● **Items listed in a dataset**:
..........

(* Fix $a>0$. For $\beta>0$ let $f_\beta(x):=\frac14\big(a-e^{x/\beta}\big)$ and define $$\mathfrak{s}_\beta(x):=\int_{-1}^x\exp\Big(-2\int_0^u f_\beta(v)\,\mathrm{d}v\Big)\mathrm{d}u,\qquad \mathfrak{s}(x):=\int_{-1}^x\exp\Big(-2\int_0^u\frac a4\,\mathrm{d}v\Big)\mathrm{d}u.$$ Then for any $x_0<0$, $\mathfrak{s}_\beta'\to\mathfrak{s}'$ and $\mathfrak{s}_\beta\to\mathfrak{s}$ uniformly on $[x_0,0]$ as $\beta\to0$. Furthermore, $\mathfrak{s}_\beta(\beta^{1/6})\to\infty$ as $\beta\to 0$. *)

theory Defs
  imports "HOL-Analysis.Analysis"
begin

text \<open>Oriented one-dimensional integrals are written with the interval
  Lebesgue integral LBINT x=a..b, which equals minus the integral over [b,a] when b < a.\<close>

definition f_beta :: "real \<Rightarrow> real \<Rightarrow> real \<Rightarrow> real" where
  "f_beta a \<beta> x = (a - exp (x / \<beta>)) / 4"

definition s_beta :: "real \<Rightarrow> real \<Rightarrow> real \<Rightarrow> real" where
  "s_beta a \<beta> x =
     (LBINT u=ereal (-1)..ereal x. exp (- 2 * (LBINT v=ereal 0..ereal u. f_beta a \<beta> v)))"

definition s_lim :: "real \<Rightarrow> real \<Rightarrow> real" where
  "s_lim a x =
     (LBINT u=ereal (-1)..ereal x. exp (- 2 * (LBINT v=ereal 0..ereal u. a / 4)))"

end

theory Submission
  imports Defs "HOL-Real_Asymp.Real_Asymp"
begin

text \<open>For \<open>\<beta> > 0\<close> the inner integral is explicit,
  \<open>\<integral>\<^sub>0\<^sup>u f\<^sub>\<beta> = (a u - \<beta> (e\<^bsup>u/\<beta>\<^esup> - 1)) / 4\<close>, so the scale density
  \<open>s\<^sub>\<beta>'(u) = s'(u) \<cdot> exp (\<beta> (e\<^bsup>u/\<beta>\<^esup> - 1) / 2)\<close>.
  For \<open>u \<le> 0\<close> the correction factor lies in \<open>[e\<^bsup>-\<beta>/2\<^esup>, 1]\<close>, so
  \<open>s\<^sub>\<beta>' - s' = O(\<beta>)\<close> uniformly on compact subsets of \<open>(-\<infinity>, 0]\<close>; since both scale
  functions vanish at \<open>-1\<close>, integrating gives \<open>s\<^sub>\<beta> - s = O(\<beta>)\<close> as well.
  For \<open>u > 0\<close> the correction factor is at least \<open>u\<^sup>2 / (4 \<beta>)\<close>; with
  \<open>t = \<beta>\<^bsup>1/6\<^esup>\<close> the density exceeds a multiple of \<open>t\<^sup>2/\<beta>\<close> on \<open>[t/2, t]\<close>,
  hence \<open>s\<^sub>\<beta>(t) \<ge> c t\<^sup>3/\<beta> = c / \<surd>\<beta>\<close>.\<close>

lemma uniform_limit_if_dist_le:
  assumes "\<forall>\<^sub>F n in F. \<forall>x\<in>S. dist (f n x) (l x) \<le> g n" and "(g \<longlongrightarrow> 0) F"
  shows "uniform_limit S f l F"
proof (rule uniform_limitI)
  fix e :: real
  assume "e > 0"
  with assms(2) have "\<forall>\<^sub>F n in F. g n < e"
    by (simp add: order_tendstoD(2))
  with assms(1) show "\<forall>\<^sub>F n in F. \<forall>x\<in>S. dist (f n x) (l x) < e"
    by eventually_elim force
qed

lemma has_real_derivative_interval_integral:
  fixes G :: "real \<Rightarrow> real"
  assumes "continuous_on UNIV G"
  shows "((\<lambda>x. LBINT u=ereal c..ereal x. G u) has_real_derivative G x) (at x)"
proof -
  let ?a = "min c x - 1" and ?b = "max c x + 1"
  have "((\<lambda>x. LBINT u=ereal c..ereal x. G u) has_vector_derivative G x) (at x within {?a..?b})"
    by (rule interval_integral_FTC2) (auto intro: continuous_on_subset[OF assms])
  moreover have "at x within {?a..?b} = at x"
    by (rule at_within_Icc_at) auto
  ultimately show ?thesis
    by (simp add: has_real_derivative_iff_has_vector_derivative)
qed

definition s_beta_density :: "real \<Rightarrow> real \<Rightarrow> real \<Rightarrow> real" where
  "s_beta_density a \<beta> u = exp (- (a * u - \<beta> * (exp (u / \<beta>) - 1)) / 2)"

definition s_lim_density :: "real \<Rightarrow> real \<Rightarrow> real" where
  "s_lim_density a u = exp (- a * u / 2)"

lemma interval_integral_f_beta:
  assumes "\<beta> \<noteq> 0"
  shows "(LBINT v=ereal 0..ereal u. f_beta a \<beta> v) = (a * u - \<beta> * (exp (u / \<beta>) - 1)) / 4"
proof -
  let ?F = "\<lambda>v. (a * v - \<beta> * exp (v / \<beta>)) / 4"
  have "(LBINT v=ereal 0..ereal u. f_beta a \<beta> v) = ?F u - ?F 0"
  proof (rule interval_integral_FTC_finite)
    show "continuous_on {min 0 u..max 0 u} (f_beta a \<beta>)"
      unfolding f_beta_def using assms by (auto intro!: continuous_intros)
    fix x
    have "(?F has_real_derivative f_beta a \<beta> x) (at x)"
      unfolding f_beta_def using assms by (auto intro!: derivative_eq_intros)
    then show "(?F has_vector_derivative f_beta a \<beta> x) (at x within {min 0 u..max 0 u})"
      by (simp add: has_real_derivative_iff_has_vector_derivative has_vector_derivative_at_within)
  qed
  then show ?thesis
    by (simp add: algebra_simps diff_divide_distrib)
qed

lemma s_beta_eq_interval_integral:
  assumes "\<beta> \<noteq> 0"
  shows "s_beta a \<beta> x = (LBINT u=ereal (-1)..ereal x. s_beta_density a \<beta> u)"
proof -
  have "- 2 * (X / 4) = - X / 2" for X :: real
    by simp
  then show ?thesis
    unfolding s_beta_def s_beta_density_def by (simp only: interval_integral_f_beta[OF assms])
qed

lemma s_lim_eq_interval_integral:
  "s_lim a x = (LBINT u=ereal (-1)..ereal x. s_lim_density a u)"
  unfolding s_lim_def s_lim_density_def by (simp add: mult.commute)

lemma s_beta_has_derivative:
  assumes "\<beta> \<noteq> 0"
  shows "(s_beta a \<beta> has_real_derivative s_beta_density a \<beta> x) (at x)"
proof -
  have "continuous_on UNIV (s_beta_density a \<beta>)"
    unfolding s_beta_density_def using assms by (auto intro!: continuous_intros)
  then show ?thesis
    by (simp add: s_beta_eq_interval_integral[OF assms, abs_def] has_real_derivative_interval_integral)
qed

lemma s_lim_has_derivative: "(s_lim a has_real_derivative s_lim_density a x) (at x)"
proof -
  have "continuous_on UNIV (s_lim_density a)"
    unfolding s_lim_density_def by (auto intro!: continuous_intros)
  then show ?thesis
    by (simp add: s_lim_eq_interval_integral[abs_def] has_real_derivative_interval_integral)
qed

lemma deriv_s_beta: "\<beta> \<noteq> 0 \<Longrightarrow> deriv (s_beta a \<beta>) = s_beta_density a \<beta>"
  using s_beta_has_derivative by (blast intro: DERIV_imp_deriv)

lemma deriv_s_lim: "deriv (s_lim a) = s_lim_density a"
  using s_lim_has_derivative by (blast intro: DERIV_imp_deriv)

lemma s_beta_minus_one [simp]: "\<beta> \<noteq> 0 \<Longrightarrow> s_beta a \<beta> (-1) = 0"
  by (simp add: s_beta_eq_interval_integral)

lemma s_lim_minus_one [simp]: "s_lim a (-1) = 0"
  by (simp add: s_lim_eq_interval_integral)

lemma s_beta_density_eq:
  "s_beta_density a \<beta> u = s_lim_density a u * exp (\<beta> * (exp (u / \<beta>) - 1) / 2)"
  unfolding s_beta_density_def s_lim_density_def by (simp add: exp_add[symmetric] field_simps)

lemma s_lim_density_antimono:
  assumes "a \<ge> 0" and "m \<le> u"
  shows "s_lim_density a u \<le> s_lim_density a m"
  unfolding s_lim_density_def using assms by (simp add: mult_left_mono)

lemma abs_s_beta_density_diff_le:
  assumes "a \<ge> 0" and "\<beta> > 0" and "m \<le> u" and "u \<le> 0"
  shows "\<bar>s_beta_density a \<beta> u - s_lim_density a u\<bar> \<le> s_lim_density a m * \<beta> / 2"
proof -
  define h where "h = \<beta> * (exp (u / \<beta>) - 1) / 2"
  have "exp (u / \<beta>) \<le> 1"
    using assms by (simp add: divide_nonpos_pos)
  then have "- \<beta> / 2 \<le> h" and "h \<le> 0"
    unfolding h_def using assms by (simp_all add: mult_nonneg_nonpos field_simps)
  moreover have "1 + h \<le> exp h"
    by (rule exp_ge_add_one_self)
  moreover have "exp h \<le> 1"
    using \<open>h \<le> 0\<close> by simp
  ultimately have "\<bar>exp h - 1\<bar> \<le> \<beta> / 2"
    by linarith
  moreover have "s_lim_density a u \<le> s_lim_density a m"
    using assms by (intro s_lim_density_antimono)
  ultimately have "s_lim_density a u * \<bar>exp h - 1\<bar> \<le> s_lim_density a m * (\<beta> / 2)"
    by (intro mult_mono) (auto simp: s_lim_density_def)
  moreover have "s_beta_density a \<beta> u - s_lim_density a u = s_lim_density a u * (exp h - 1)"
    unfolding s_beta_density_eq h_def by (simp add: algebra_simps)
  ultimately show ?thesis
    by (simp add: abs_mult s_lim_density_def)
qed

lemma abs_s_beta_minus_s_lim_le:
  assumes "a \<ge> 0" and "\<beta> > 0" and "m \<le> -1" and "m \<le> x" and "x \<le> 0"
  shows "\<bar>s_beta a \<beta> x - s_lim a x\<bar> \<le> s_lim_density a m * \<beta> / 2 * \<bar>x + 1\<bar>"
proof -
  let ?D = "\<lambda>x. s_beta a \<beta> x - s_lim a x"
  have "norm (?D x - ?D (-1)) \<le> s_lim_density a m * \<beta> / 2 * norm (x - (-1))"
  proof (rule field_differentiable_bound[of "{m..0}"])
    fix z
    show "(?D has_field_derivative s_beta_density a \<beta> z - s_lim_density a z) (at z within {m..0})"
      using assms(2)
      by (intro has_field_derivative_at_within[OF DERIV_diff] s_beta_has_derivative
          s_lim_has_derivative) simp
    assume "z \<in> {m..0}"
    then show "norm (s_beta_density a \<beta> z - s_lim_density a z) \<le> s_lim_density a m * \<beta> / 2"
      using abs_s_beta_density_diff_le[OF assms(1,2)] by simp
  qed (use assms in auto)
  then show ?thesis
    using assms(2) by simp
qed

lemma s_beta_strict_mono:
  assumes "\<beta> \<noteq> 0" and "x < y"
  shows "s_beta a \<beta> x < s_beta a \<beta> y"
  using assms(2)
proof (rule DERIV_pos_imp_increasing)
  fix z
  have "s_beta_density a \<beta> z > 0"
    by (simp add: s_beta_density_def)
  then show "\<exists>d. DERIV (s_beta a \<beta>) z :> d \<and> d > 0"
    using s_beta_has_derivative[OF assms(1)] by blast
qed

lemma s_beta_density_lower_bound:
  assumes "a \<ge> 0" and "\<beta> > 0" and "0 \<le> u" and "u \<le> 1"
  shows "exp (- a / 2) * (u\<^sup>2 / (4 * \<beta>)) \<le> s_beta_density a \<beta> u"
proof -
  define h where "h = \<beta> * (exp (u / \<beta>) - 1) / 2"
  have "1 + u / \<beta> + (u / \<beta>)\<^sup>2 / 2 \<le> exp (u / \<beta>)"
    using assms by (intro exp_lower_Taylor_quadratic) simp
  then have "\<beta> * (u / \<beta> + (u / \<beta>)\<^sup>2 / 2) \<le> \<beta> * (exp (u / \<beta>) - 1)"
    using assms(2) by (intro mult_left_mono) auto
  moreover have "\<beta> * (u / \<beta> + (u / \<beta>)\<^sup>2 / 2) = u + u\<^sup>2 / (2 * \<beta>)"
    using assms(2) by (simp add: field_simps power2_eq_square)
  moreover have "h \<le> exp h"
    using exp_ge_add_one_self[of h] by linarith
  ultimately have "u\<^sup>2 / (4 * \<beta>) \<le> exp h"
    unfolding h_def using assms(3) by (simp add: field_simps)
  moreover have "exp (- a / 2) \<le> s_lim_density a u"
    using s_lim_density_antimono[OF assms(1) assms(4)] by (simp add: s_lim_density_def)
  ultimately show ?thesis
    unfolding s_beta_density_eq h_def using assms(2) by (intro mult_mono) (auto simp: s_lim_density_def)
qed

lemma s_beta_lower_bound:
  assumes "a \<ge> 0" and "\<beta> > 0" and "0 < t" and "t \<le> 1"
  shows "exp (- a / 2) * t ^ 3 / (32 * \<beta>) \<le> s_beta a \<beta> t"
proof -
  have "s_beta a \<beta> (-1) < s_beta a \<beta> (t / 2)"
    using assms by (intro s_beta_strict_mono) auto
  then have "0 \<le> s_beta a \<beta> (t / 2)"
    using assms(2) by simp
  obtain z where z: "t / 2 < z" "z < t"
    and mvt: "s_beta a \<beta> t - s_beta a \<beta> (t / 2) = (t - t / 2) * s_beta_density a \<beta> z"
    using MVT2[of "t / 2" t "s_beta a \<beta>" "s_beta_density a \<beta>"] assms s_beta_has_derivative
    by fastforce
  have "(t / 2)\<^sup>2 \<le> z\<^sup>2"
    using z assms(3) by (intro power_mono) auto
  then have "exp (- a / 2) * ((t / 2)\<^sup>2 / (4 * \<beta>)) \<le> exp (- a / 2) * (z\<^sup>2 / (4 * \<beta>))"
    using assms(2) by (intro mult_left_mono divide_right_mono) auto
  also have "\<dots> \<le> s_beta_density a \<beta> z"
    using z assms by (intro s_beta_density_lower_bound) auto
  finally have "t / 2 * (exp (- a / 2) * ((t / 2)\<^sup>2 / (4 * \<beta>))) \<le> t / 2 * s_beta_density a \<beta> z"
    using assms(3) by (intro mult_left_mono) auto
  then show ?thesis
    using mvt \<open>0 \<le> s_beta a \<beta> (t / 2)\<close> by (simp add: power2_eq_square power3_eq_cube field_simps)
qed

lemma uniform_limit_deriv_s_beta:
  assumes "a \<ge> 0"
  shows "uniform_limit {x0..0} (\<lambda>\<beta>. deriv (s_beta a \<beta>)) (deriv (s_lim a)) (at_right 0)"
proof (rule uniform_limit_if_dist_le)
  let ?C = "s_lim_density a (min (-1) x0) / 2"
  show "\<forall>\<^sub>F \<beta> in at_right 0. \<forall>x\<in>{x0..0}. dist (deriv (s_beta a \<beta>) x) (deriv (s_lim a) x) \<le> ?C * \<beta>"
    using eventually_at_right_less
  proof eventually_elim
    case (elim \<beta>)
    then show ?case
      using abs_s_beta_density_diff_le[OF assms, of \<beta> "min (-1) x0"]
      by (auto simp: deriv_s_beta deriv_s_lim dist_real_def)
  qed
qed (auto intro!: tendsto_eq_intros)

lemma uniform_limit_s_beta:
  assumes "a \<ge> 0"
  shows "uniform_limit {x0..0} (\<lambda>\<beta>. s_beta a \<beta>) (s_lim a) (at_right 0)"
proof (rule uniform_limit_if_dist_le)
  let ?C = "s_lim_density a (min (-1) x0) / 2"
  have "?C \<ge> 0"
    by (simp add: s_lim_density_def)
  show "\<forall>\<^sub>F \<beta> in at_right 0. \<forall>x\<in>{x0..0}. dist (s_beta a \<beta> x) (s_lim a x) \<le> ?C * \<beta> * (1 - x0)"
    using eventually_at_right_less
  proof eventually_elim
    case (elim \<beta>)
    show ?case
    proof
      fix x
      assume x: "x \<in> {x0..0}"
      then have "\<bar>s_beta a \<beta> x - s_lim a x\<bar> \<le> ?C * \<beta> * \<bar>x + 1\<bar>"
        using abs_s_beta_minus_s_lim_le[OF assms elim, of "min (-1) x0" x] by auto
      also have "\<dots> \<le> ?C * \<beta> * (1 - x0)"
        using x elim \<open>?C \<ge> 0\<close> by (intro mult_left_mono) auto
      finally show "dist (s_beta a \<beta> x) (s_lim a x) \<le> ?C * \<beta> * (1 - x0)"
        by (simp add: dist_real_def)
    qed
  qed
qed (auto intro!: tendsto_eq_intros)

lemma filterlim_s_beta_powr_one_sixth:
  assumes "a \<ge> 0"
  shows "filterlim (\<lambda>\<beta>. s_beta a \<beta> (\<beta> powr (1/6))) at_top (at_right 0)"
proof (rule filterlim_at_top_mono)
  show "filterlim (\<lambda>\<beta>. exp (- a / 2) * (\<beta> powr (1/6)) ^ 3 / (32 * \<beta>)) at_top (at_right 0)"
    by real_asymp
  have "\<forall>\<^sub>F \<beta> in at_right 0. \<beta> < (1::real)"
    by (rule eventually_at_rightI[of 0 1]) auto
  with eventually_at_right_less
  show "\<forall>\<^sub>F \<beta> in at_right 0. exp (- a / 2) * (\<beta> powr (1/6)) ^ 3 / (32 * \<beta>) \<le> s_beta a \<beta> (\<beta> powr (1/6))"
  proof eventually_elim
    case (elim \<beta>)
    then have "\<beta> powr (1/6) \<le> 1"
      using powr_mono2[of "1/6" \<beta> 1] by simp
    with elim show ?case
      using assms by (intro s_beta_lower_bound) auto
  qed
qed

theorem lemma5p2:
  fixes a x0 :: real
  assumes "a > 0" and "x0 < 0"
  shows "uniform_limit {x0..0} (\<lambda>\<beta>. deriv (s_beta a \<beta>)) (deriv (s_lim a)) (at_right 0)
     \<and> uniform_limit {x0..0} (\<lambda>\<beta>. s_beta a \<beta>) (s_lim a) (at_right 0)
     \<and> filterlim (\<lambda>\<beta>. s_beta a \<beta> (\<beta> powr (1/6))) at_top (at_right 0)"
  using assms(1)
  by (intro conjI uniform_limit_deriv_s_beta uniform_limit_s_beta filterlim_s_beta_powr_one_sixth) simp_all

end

..........

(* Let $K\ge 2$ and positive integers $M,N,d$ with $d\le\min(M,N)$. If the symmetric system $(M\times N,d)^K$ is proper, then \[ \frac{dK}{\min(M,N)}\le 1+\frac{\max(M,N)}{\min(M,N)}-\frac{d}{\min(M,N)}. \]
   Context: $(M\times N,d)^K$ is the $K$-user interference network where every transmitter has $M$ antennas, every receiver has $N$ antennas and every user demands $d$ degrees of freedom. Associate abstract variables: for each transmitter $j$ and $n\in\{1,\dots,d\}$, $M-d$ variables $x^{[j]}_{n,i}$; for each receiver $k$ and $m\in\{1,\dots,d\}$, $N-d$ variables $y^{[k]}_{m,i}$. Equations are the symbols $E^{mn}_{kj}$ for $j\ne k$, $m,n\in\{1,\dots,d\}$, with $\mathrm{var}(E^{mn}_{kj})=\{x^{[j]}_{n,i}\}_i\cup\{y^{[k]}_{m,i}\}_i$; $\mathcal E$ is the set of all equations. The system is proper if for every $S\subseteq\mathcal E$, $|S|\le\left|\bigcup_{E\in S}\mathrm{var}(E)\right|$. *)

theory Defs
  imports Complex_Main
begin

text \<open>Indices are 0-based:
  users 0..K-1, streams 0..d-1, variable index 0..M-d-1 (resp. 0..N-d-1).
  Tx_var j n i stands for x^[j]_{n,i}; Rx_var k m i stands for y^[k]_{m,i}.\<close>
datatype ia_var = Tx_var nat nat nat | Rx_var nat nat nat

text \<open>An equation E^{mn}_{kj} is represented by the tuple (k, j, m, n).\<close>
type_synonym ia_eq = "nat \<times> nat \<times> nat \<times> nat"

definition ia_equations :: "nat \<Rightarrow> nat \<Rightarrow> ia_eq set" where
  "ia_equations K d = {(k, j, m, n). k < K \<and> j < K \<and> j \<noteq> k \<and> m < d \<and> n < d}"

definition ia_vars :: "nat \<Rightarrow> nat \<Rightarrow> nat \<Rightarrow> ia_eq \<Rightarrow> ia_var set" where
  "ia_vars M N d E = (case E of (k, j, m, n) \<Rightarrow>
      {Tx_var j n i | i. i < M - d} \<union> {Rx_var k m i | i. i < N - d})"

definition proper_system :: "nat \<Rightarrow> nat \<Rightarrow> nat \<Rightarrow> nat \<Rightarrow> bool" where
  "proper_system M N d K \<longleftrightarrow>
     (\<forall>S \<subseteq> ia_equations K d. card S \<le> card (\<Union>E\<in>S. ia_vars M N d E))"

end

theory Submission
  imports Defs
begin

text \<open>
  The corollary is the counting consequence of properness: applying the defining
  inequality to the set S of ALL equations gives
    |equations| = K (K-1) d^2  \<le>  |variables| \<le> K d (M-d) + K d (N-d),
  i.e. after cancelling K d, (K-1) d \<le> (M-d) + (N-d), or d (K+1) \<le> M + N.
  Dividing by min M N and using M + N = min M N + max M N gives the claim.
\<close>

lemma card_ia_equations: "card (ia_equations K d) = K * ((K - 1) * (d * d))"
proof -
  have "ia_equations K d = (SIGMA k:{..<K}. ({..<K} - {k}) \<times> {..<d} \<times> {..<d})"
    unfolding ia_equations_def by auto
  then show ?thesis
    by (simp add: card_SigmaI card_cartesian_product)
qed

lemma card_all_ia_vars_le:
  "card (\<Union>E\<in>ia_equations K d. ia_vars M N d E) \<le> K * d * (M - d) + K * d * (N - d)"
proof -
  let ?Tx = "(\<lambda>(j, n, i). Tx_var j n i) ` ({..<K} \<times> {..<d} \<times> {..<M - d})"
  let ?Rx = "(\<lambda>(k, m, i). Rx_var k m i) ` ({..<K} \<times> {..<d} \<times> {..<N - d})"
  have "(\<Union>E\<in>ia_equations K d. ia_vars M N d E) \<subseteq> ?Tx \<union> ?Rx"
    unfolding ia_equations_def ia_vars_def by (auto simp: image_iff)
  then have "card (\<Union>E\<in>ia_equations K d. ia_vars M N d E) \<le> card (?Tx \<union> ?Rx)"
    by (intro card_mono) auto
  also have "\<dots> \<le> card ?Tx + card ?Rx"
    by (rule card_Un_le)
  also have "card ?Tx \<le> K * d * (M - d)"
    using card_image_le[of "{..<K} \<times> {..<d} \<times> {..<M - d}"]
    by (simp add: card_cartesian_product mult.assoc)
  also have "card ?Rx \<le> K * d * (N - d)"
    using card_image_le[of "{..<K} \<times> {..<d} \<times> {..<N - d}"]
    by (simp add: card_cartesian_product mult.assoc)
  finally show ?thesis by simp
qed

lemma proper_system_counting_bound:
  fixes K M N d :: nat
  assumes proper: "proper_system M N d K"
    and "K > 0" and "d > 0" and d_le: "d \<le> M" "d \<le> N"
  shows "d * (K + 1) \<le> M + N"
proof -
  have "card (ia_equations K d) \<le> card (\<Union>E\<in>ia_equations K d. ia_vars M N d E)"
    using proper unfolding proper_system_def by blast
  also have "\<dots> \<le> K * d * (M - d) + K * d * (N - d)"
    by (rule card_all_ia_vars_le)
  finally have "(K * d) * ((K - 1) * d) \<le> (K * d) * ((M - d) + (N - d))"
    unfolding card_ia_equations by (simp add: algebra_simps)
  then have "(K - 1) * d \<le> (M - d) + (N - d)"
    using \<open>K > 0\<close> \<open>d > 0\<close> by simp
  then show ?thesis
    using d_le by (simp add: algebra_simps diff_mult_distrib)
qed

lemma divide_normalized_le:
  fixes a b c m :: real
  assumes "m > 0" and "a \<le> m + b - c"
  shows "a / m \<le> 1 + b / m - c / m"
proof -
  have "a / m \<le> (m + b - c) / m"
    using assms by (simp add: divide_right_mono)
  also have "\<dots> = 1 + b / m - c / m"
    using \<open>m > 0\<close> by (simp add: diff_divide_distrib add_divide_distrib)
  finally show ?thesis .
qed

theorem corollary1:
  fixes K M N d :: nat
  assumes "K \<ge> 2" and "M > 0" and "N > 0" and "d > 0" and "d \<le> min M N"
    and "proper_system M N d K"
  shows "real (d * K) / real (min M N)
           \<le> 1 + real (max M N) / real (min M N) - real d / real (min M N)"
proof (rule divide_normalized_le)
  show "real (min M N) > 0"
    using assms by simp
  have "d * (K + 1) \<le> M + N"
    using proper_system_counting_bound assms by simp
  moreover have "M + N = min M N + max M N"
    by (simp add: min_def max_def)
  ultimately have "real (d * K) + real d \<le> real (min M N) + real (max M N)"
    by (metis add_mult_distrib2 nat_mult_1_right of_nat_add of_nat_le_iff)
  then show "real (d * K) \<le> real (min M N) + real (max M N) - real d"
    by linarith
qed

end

..........

● **What the task requires**:
Start with the line above that contains "a u = s_lim_density" and stop after the line that contains "using assms(2) by (intro mult_left_mono)". Output those lines exactly, and only those.

● **Your response**:
  moreover have "s_beta_density a \<beta> u - s_lim_density a u = s_lim_density a u * (exp h - 1)"
    unfolding s_beta_density_eq h_def by (simp add: algebra_simps)
  ultimately show ?thesis
    by (simp add: abs_mult s_lim_density_def)
qed

lemma abs_s_beta_minus_s_lim_le:
  assumes "a \<ge> 0" and "\<beta> > 0" and "m \<le> -1" and "m \<le> x" and "x \<le> 0"
  shows "\<bar>s_beta a \<beta> x - s_lim a x\<bar> \<le> s_lim_density a m * \<beta> / 2 * \<bar>x + 1\<bar>"
proof -
  let ?D = "\<lambda>x. s_beta a \<beta> x - s_lim a x"
  have "norm (?D x - ?D (-1)) \<le> s_lim_density a m * \<beta> / 2 * norm (x - (-1))"
  proof (rule field_differentiable_bound[of "{m..0}"])
    fix z
    show "(?D has_field_derivative s_beta_density a \<beta> z - s_lim_density a z) (at z within {m..0})"
      using assms(2)
      by (intro has_field_derivative_at_within[OF DERIV_diff] s_beta_has_derivative
          s_lim_has_derivative) simp
    assume "z \<in> {m..0}"
    then show "norm (s_beta_density a \<beta> z - s_lim_density a z) \<le> s_lim_density a m * \<beta> / 2"
      using abs_s_beta_density_diff_le[OF assms(1,2)] by simp
  qed (use assms in auto)
  then show ?thesis
    using assms(2) by simp
qed

lemma s_beta_strict_mono:
  assumes "\<beta> \<noteq> 0" and "x < y"
  shows "s_beta a \<beta> x < s_beta a \<beta> y"
  using assms(2)
proof (rule DERIV_pos_imp_increasing)
  fix z
  have "s_beta_density a \<beta> z > 0"
    by (simp add: s_beta_density_def)
  then show "\<exists>d. DERIV (s_beta a \<beta>) z :> d \<and> d > 0"
    using s_beta_has_derivative[OF assms(1)] by blast
qed

lemma s_beta_density_lower_bound:
  assumes "a \<ge> 0" and "\<beta> > 0" and "0 \<le> u" and "u \<le> 1"
  shows "exp (- a / 2) * (u\<^sup>2 / (4 * \<beta>)) \<le> s_beta_density a \<beta> u"
proof -
  define h where "h = \<beta> * (exp (u / \<beta>) - 1) / 2"
  have "1 + u / \<beta> + (u / \<beta>)\<^sup>2 / 2 \<le> exp (u / \<beta>)"
    using assms by (intro exp_lower_Taylor_quadratic) simp
  then have "\<beta> * (u / \<beta> + (u / \<beta>)\<^sup>2 / 2) \<le> \<beta> * (exp (u / \<beta>) - 1)"
    using assms(2) by (intro mult_left_mono) auto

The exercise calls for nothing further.